_THE PROBLEM:_ Every line below from the one containing "proof (rule card_UN_disjoint[symmetric])" through the one containing "using levels_in fin" must be transcribed exactly. Omit all lines outside that stretch.

[Stored dataset items]
(* Let $\ell$ and $n$ be positive integers. For each positive integer $\ell'$, let $O_{n,\ell'}(\mathbb{Q})$ denote the set of $n\times n$ rational orthogonal matrices of level $\ell'$. Then $$\sum_{\ell'\mid \ell}\big|O_{n,\ell'}(\mathbb{Q})\big|\le (2n)^{\ell^2 n}.$$
   Context: A rational orthogonal matrix is an $n\times n$ matrix $Q$ with rational entries and $Q^\top Q=I$. The level of a rational matrix $M$ is the smallest positive integer $\ell$ such that $\ell M$ has integer entries. The sum ranges over all positive divisors $\ell'$ of $\ell$. *)

theory Defs
  imports "HOL-Analysis.Analysis"
begin

text \<open>Rational n x n matrices are modelled as rat^'n^'n, with n = CARD('n).\<close>

definition rat_orthogonal :: "rat^'n^'n \<Rightarrow> bool" where
  "rat_orthogonal Q \<longleftrightarrow> transpose Q ** Q = mat 1"

definition is_integral_matrix :: "rat^'n^'n \<Rightarrow> bool" where
  "is_integral_matrix M \<longleftrightarrow> (\<forall>i j. M $ i $ j \<in> \<int>)"

definition level :: "rat^'n^'n \<Rightarrow> nat" where
  "level M = (LEAST l::nat. 0 < l \<and> is_integral_matrix (\<chi> i j. of_nat l * M $ i $ j))"

definition orth_level_set :: "nat \<Rightarrow> (rat^'n^'n) set" where
  "orth_level_set l' = {Q. rat_orthogonal Q \<and> level Q = l'}"

end

theory Submission
  imports Defs "HOL-Library.Discrete_Functions"
begin

text \<open>
  If the level of a rational orthogonal matrix \<open>Q\<close> divides \<open>l\<close>, then \<open>l Q\<close> is an integer
  matrix each of whose columns \<open>v\<close> satisfies \<open>\<Sum>\<^sub>i v\<^sub>i\<^sup>2 = l\<^sup>2\<close>, and \<open>Q\<close> is determined by
  these columns. So it suffices to count integer vectors \<open>v \<in> \<int>\<^sup>n\<close> with \<open>\<Sum>\<^sub>i v\<^sub>i\<^sup>2 = m\<close>:
  each is decoded from a word of length \<open>m\<close> over the \<open>2n\<close> letters \<open>(i, \<plusminus>)\<close>, by letting
  \<open>v\<^sub>i\<^sup>2\<close> be the number of letters naming \<open>i\<close> and reading the sign of \<open>v\<^sub>i\<close> off these
  letters, so there are at most \<open>(2n)\<^sup>m\<close> of them.
\<close>

definition int_sphere :: "nat \<Rightarrow> ('a::finite \<Rightarrow> int) set" where
  "int_sphere m = {v. (\<Sum>i\<in>UNIV. (v i)^2) = int m}"

lemma ex_fun_with_fibre_cards:
  fixes c :: "'a::finite \<Rightarrow> nat"
  shows "\<exists>f::nat \<Rightarrow> 'a. \<forall>i. card {k\<in>{..<sum c UNIV}. f k = i} = c i"
proof -
  define A where "A = (SIGMA i:UNIV. {..<c i})"
  have "card A = sum c UNIV"
    unfolding A_def by simp
  then obtain h where h: "bij_betw h {..<sum c UNIV} A"
    using ex_bij_betw_nat_finite[of A] by (auto simp: A_def atLeast0LessThan)
  have "card {k\<in>{..<sum c UNIV}. fst (h k) = i} = c i" for i
  proof -
    have "h ` {k\<in>{..<sum c UNIV}. fst (h k) = i} = A \<inter> {p. fst p = i}"
      using h unfolding bij_betw_def by blast
    also have "\<dots> = {i} \<times> {..<c i}"
      unfolding A_def by auto
    finally have "bij_betw h {k\<in>{..<sum c UNIV}. fst (h k) = i} ({i} \<times> {..<c i})"
      using h unfolding bij_betw_def by (auto intro: inj_on_subset)
    then show ?thesis
      by (simp add: bij_betw_same_card)
  qed
  then show ?thesis
    by (intro exI[of _ "fst \<circ> h"]) simp
qed

definition sphere_decode :: "nat \<Rightarrow> (nat \<Rightarrow> 'a \<times> bool) \<Rightarrow> 'a \<Rightarrow> int" where
  "sphere_decode m w i =
     (if (i, True) \<in> w ` {..<m} then -1 else 1) * int (floor_sqrt (card {k\<in>{..<m}. fst (w k) = i}))"

lemma int_sphere_subset_image_sphere_decode:
  "int_sphere m \<subseteq> sphere_decode m ` (\<Pi>\<^sub>E k\<in>{..<m}. UNIV)"
proof
  fix v :: "'a \<Rightarrow> int"
  assume "v \<in> int_sphere m"
  then have "int (\<Sum>i\<in>UNIV. nat ((v i)^2)) = int m"
    unfolding int_sphere_def by simp
  then have "(\<Sum>i\<in>UNIV. nat ((v i)^2)) = m"
    by (simp only: of_nat_eq_iff)
  then obtain f where f: "\<And>i. card {k\<in>{..<m}. f k = i} = nat ((v i)^2)"
    using ex_fun_with_fibre_cards[of "\<lambda>i. nat ((v i)^2)"] by auto
  define w where "w k = (if k < m then (f k, v (f k) < 0) else undefined)" for k
  have "w \<in> (\<Pi>\<^sub>E k\<in>{..<m}. UNIV)"
    unfolding w_def PiE_def extensional_def by auto
  moreover have "sphere_decode m w = v"
  proof
    fix i
    have "{k\<in>{..<m}. fst (w k) = i} = {k\<in>{..<m}. f k = i}"
      by (auto simp: w_def)
    then have "card {k\<in>{..<m}. fst (w k) = i} = (nat \<bar>v i\<bar>)^2"
      using f[of i] by (simp add: nat_power_eq[symmetric])
    moreover have "(i, True) \<in> w ` {..<m} \<longleftrightarrow> v i < 0"
    proof
      assume "v i < 0"
      then have "card {k\<in>{..<m}. f k = i} \<noteq> 0"
        using f[of i] by simp
      then have "{k\<in>{..<m}. f k = i} \<noteq> {}"
        by (metis card.empty)
      then obtain k where "k < m" "f k = i"
        by auto
      then show "(i, True) \<in> w ` {..<m}"
        using \<open>v i < 0\<close> unfolding w_def by force
    qed (auto simp: w_def)
    ultimately show "sphere_decode m w i = v i"
      unfolding sphere_decode_def by (cases "v i < 0") auto
  qed
  ultimately show "v \<in> sphere_decode m ` (\<Pi>\<^sub>E k\<in>{..<m}. UNIV)"
    by blast
qed

lemma finite_int_sphere: "finite (int_sphere m :: ('a::finite \<Rightarrow> int) set)"
  by (rule finite_subset[OF int_sphere_subset_image_sphere_decode]) (simp add: finite_PiE)

lemma card_int_sphere_le: "card (int_sphere m :: ('a::finite \<Rightarrow> int) set) \<le> (2 * CARD('a))^m"
proof -
  have "card (int_sphere m :: ('a \<Rightarrow> int) set)
          \<le> card (sphere_decode m ` (\<Pi>\<^sub>E k\<in>{..<m}. (UNIV :: ('a \<times> bool) set)))"
    by (intro card_mono int_sphere_subset_image_sphere_decode) (simp add: finite_PiE)
  also have "\<dots> \<le> card (\<Pi>\<^sub>E k\<in>{..<m}. (UNIV :: ('a \<times> bool) set))"
    by (intro card_image_le) (simp add: finite_PiE)
  also have "\<dots> = (2 * CARD('a))^m"
    by (simp add: card_PiE card_cartesian_product)
  finally show ?thesis .
qed

lemma integral_scale_dvd:
  assumes "k dvd l" and "of_nat k * x \<in> \<int>"
  shows "of_nat l * (x::'a::comm_ring_1) \<in> \<int>"
proof -
  obtain c where "l = k * c"
    using assms(1) by blast
  then have "of_nat l * x = of_nat c * (of_nat k * x)"
    by (simp add: algebra_simps)
  then show ?thesis
    using assms(2) by (metis Ints_mult Ints_of_nat)
qed

lemma ex_integral_scale: "\<exists>d>0. is_integral_matrix (\<chi> i j. of_nat d * (Q::rat^'n^'n) $ i $ j)"
proof -
  define den where "den x = nat (snd (quotient_of x))" for x
  have den_pos: "0 < den x" for x
    unfolding den_def using quotient_of_denom_pos' by simp
  have den_integral: "of_nat (den x) * x \<in> \<int>" for x
  proof -
    obtain a b where q: "quotient_of x = (a, b)"
      by fastforce
    then have "x = of_int a / of_int b" "0 < b"
      using quotient_of_div quotient_of_denom_pos by blast+
    then show ?thesis
      using q unfolding den_def by simp
  qed
  define D where "D = (\<Prod>p\<in>UNIV. den (Q $ fst p $ snd p))"
  have "of_nat D * Q $ i $ j \<in> \<int>" for i j
  proof (rule integral_scale_dvd[OF _ den_integral])
    show "den (Q $ i $ j) dvd D"
      unfolding D_def using dvd_prodI[of UNIV "(i, j)" "\<lambda>p. den (Q $ fst p $ snd p)"] by simp
  qed
  moreover have "0 < D"
    unfolding D_def using den_pos by (simp add: prod_pos)
  ultimately show ?thesis
    unfolding is_integral_matrix_def by auto
qed

lemma is_integral_level_scale: "is_integral_matrix (\<chi> i j. of_nat (level Q) * Q $ i $ j)"
  using LeastI_ex[OF ex_integral_scale[of Q]] unfolding level_def by auto

definition orth_scaled_integral :: "nat \<Rightarrow> (rat^'n^'n) set" where
  "orth_scaled_integral l = {Q. rat_orthogonal Q \<and> is_integral_matrix (\<chi> i j. of_nat l * Q $ i $ j)}"

lemma orth_level_set_subset_orth_scaled_integral:
  assumes "d dvd l"
  shows "orth_level_set d \<subseteq> orth_scaled_integral l"
  using is_integral_level_scale integral_scale_dvd[OF assms]
  unfolding orth_level_set_def orth_scaled_integral_def is_integral_matrix_def by fastforce

lemma rat_orthogonal_column_norm:
  assumes "rat_orthogonal Q"
  shows "(\<Sum>i\<in>UNIV. (Q $ i $ j)^2) = 1"
proof -
  have "(\<Sum>i\<in>UNIV. (Q $ i $ j)^2) = (transpose Q ** Q) $ j $ j"
    by (simp add: matrix_matrix_mult_def transpose_def power2_eq_square)
  then show ?thesis
    using assms unfolding rat_orthogonal_def by (simp add: mat_def)
qed

definition scaled_columns :: "nat \<Rightarrow> rat^'n^'n \<Rightarrow> 'n \<Rightarrow> 'n \<Rightarrow> int" where
  "scaled_columns l Q j i = \<lfloor>of_nat l * Q $ i $ j\<rfloor>"

lemma scaled_columns_in_int_sphere:
  assumes "Q \<in> orth_scaled_integral l"
  shows "scaled_columns l Q j \<in> int_sphere (l^2)"
proof -
  have "of_int (\<Sum>i\<in>UNIV. (scaled_columns l Q j i)^2) = (\<Sum>i\<in>UNIV. (of_nat l * Q $ i $ j)^2)"
    using assms unfolding orth_scaled_integral_def is_integral_matrix_def scaled_columns_def by simp
  also have "\<dots> = of_nat l ^ 2 * (\<Sum>i\<in>UNIV. (Q $ i $ j)^2)"
    by (simp add: sum_distrib_left power_mult_distrib)
  also have "\<dots> = of_int (int (l^2))"
    using assms rat_orthogonal_column_norm unfolding orth_scaled_integral_def by auto
  finally show ?thesis
    unfolding int_sphere_def by (simp only: of_int_eq_iff mem_Collect_eq)
qed

lemma inj_on_scaled_columns:
  assumes "0 < l"
  shows "inj_on (scaled_columns l) (orth_scaled_integral l)"
proof
  fix Q R :: "rat^'n^'n"
  assume "Q \<in> orth_scaled_integral l" "R \<in> orth_scaled_integral l"
    and "scaled_columns l Q = scaled_columns l R"
  then have "of_nat l * Q $ i $ j = of_nat l * R $ i $ j" for i j
    unfolding orth_scaled_integral_def is_integral_matrix_def scaled_columns_def
    by (metis (no_types, lifting) mem_Collect_eq of_int_floor vec_lambda_beta)
  then show "Q = R"
    using assms by (simp add: vec_eq_iff)
qed

lemma
  assumes "0 < l"
  shows finite_orth_scaled_integral: "finite (orth_scaled_integral l :: (rat^'n^'n) set)"
    and card_orth_scaled_integral_le:
      "card (orth_scaled_integral l :: (rat^'n^'n) set) \<le> (2 * CARD('n)) ^ (l^2 * CARD('n))"
proof -
  let ?columns = "\<Pi>\<^sub>E j\<in>(UNIV::'n set). (int_sphere (l^2) :: ('n \<Rightarrow> int) set)"
  have maps_to: "scaled_columns l ` orth_scaled_integral l \<subseteq> ?columns"
    using scaled_columns_in_int_sphere by auto
  have fin: "finite ?columns"
    by (simp add: finite_PiE finite_int_sphere)
  show "finite (orth_scaled_integral l :: (rat^'n^'n) set)"
    using inj_on_finite[OF inj_on_scaled_columns[OF assms] maps_to fin] .
  have "card (orth_scaled_integral l :: (rat^'n^'n) set) \<le> card ?columns"
    using card_inj_on_le[OF inj_on_scaled_columns[OF assms] maps_to fin] .
  also have "\<dots> = card (int_sphere (l^2) :: ('n \<Rightarrow> int) set) ^ CARD('n)"
    by (simp add: card_PiE)
  also have "\<dots> \<le> ((2 * CARD('n)) ^ l^2) ^ CARD('n)"
    by (intro power_mono card_int_sphere_le) simp
  finally show "card (orth_scaled_integral l :: (rat^'n^'n) set) \<le> (2 * CARD('n)) ^ (l^2 * CARD('n))"
    by (simp add: power_mult)
qed

theorem mainTheorem3:
  fixes l :: nat
  assumes "0 < l"
  shows "(\<Sum>l'\<in>{d. d dvd l}. card (orth_level_set l' :: (rat^'n^'n) set))
           \<le> (2 * CARD('n)) ^ (l^2 * CARD('n))"
proof -
  let ?O = "orth_level_set :: nat \<Rightarrow> (rat^'n^'n) set"
  have levels_in: "(\<Union>d\<in>{d. d dvd l}. ?O d) \<subseteq> orth_scaled_integral l"
    using orth_level_set_subset_orth_scaled_integral by blast
  have fin: "finite (orth_scaled_integral l :: (rat^'n^'n) set)"
    using finite_orth_scaled_integral[OF assms] .
  have "(\<Sum>d\<in>{d. d dvd l}. card (?O d)) = card (\<Union>d\<in>{d. d dvd l}. ?O d)"
  proof (rule card_UN_disjoint[symmetric])
    show "finite {d. d dvd l}"
      using assms by simp
    show "\<forall>d\<in>{d. d dvd l}. finite (?O d)"
      using levels_in fin by (meson UN_subset_iff finite_subset)
    show "\<forall>d\<in>{d. d dvd l}. \<forall>d'\<in>{d. d dvd l}. d \<noteq> d' \<longrightarrow> ?O d \<inter> ?O d' = {}"
      unfolding orth_level_set_def by auto
  qed
  also have "\<dots> \<le> card (orth_scaled_integral l :: (rat^'n^'n) set)"
    using card_mono[OF fin levels_in] .
  also have "\<dots> \<le> (2 * CARD('n)) ^ (l^2 * CARD('n))"
    using card_orth_scaled_integral_le[OF assms] .
  finally show ?thesis .
qed

end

_TASK RESPONSE:_
  proof (rule card_UN_disjoint[symmetric])
    show "finite {d. d dvd l}"
      using assms by simp
    show "\<forall>d\<in>{d. d dvd l}. finite (?O d)"
      using levels_in fin by (meson UN_subset_iff finite_subset)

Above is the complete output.